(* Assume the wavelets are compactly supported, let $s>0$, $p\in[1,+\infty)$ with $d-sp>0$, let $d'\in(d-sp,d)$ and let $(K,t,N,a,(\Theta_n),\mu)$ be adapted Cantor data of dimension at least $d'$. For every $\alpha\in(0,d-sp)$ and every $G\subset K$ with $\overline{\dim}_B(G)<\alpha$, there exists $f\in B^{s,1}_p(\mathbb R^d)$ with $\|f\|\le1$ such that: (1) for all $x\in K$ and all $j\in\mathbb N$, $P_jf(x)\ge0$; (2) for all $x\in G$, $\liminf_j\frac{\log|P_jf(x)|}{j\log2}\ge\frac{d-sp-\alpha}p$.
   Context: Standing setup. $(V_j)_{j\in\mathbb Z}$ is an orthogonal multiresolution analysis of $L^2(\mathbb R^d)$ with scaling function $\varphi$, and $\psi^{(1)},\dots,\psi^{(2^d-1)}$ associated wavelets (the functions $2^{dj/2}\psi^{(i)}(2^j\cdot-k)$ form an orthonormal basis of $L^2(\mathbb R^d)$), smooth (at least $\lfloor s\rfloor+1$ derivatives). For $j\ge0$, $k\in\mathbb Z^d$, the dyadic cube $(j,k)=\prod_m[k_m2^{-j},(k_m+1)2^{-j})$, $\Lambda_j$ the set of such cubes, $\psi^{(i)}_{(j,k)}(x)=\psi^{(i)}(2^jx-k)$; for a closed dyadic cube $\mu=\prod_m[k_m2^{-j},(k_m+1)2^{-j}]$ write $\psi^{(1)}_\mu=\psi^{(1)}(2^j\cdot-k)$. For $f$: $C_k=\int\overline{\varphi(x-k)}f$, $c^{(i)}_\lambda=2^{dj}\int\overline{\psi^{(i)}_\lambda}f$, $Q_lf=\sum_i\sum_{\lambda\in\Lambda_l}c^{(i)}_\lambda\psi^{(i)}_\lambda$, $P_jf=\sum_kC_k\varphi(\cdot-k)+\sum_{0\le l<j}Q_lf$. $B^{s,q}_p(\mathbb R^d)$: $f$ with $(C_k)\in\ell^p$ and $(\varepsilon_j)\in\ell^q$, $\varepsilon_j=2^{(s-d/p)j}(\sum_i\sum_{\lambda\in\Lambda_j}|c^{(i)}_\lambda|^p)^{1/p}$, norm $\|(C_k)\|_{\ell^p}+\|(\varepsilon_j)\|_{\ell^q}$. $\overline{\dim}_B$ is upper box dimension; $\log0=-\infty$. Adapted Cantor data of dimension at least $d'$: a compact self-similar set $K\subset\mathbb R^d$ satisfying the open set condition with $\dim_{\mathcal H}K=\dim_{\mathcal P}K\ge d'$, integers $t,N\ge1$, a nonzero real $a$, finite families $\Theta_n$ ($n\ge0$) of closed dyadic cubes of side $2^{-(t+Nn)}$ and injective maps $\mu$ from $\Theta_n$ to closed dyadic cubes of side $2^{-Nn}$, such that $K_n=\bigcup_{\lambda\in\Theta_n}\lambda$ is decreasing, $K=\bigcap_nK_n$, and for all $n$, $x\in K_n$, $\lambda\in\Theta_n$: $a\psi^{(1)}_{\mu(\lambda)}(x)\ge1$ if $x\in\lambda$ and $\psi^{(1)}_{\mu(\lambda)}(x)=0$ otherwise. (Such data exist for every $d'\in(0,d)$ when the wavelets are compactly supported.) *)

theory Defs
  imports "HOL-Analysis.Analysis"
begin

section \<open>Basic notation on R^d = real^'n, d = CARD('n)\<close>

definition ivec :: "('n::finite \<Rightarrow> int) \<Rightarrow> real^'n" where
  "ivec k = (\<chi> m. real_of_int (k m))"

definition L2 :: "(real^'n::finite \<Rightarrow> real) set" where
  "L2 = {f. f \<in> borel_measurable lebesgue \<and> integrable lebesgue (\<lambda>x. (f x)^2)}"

[Instructions for the task]:
Count, in the data above, the lines that hold "finite". Return only that count.

[Result below]:
3